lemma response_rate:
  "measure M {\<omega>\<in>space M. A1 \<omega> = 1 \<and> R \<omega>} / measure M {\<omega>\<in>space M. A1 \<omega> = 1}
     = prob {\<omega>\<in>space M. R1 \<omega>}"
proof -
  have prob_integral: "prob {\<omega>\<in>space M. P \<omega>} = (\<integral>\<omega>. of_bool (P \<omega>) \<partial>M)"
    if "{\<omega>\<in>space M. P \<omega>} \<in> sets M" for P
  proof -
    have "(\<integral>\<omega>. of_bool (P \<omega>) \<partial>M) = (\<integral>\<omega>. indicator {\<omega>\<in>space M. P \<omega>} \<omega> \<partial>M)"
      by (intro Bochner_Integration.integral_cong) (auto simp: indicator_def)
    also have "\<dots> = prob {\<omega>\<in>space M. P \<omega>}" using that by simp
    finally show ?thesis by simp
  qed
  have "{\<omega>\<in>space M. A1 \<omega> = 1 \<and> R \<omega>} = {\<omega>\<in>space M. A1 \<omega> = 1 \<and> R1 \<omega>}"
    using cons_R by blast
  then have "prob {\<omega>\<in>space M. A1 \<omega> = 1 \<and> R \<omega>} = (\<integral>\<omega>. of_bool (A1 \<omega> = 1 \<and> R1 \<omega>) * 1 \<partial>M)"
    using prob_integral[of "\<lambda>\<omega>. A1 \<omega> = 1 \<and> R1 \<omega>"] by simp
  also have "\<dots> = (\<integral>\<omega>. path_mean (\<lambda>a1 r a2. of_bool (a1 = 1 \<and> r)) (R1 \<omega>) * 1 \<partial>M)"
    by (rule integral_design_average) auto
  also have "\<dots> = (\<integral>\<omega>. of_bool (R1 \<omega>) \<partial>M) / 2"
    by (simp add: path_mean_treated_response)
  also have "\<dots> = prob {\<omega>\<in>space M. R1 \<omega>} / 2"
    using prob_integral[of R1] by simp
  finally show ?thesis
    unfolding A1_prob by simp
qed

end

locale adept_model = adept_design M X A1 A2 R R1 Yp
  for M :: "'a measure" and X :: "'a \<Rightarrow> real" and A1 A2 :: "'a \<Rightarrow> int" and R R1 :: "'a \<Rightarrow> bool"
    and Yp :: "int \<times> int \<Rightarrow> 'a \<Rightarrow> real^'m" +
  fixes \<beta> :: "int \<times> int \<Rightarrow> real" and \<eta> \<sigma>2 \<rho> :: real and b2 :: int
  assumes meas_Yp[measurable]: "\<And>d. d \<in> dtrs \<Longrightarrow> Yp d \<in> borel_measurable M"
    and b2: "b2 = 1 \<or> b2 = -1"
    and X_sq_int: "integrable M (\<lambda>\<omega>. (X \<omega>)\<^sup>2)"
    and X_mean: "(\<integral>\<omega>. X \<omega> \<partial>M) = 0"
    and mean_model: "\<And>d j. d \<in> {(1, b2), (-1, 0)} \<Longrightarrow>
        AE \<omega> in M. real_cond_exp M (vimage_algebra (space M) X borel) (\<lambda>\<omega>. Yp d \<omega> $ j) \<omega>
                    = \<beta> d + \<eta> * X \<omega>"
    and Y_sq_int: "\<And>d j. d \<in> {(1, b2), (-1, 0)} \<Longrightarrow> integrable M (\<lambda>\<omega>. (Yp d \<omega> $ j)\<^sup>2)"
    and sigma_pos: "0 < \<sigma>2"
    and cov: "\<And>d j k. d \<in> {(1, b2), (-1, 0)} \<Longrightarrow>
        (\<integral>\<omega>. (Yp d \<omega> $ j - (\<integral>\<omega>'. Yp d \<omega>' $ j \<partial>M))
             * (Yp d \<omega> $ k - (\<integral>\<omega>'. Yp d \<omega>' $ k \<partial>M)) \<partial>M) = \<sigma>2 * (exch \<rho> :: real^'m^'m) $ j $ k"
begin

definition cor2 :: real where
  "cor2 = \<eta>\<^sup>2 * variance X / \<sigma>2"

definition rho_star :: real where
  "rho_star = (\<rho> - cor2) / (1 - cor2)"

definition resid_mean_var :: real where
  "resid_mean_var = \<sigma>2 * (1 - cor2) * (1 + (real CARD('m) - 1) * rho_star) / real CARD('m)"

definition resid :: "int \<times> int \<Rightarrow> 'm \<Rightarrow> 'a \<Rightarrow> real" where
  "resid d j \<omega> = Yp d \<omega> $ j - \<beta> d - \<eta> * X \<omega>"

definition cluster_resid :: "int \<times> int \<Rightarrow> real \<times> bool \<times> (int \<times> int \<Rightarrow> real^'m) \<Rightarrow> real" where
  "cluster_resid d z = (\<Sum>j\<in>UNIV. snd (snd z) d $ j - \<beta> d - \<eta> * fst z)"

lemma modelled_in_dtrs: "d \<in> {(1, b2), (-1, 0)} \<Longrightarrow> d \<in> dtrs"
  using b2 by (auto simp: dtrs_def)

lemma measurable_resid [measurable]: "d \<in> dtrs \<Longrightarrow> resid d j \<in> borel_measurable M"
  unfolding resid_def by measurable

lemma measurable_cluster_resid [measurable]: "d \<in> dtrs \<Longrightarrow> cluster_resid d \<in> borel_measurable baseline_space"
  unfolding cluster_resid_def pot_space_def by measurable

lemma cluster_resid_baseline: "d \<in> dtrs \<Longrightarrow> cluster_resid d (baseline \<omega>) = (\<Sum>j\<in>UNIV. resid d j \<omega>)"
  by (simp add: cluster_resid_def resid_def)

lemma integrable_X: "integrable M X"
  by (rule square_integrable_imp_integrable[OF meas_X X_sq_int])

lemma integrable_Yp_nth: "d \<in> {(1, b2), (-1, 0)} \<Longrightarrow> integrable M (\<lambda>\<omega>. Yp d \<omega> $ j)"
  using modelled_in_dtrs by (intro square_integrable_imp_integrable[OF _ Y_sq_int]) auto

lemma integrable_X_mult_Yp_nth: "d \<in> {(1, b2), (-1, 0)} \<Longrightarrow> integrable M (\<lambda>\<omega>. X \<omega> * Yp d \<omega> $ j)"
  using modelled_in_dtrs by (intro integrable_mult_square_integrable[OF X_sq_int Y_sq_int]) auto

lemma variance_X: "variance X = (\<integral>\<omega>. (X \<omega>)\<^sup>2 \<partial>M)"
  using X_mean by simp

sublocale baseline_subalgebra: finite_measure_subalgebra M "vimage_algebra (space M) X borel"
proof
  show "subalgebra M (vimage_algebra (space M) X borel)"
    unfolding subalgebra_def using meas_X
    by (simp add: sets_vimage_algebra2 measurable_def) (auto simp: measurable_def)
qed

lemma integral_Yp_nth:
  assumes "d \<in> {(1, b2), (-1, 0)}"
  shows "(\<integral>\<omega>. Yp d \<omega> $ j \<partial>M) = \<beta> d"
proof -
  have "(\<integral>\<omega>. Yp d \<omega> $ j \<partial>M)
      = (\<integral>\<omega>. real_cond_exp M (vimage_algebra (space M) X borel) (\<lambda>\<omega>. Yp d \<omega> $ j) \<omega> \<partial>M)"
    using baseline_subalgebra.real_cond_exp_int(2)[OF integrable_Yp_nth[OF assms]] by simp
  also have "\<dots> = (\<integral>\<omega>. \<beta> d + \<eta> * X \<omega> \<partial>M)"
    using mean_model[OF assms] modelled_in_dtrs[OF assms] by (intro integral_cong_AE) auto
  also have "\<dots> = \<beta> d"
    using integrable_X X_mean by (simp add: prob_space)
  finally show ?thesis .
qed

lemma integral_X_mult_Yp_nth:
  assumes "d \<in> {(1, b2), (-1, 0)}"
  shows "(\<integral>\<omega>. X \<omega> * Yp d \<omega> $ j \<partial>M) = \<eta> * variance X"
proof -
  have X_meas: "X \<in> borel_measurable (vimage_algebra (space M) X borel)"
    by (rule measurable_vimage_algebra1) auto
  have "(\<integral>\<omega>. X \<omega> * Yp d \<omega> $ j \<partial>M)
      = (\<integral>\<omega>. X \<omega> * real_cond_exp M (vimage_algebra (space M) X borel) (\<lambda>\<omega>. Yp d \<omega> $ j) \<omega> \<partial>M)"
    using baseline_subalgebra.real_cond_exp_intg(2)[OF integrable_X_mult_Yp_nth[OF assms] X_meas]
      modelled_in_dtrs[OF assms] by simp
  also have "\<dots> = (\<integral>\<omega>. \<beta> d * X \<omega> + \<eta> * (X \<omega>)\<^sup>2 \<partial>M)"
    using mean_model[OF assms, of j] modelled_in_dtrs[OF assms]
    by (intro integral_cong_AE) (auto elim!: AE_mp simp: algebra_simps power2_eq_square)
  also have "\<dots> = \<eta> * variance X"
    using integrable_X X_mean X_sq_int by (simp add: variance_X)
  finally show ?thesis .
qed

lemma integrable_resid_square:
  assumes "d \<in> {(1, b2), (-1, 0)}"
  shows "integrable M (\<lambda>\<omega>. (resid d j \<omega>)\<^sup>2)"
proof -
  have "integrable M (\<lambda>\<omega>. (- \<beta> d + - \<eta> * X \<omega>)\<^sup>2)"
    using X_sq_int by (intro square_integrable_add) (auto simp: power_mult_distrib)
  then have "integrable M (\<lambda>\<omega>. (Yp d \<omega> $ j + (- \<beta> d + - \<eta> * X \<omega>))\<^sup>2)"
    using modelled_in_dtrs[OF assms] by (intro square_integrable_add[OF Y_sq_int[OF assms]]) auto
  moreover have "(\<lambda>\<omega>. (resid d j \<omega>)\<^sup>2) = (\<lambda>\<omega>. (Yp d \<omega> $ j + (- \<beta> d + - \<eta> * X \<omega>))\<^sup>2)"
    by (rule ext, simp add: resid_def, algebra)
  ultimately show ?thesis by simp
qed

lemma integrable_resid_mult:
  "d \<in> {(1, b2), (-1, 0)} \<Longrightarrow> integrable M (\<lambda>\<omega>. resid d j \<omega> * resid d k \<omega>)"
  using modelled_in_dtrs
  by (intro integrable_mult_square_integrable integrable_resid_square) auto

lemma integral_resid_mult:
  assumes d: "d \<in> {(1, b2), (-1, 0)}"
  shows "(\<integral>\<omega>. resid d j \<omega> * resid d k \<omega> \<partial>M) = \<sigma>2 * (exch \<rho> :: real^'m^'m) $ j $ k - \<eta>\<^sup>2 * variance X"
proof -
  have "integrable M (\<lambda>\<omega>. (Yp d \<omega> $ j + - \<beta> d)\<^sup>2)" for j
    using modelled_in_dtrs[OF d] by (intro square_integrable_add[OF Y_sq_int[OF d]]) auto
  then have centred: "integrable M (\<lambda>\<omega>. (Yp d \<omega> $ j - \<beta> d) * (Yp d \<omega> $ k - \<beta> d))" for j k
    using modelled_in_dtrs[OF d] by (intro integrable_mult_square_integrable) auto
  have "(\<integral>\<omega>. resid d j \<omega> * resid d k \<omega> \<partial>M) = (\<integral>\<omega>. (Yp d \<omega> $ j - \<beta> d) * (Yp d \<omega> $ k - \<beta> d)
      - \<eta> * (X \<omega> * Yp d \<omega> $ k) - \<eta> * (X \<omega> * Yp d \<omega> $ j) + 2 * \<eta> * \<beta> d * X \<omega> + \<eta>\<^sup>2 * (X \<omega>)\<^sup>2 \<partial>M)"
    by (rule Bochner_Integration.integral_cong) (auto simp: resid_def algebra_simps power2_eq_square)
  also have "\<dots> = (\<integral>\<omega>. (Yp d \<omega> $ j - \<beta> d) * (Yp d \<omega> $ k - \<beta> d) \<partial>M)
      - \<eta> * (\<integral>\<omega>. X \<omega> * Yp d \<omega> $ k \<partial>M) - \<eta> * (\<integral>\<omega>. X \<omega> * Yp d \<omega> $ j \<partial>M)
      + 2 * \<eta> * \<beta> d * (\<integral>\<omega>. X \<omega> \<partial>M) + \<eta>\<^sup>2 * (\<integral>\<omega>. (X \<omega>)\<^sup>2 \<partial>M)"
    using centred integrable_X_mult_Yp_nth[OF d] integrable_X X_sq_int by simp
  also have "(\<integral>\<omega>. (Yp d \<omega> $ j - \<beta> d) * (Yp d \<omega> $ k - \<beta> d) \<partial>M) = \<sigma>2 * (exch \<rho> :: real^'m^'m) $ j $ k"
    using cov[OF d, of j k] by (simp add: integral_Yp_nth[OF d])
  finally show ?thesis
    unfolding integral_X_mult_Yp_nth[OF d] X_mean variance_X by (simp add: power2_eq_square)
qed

What you need to do – Copy only this part of the entries above: the line with "definition resid_mean_var :: real where", the line with "unfolding resid_def by measurable", and the lines between, all exactly as written.

Answer section –
definition resid_mean_var :: real where
  "resid_mean_var = \<sigma>2 * (1 - cor2) * (1 + (real CARD('m) - 1) * rho_star) / real CARD('m)"

definition resid :: "int \<times> int \<Rightarrow> 'm \<Rightarrow> 'a \<Rightarrow> real" where
  "resid d j \<omega> = Yp d \<omega> $ j - \<beta> d - \<eta> * X \<omega>"

definition cluster_resid :: "int \<times> int \<Rightarrow> real \<times> bool \<times> (int \<times> int \<Rightarrow> real^'m) \<Rightarrow> real" where
  "cluster_resid d z = (\<Sum>j\<in>UNIV. snd (snd z) d $ j - \<beta> d - \<eta> * fst z)"

lemma modelled_in_dtrs: "d \<in> {(1, b2), (-1, 0)} \<Longrightarrow> d \<in> dtrs"
  using b2 by (auto simp: dtrs_def)

lemma measurable_resid [measurable]: "d \<in> dtrs \<Longrightarrow> resid d j \<in> borel_measurable M"
  unfolding resid_def by measurable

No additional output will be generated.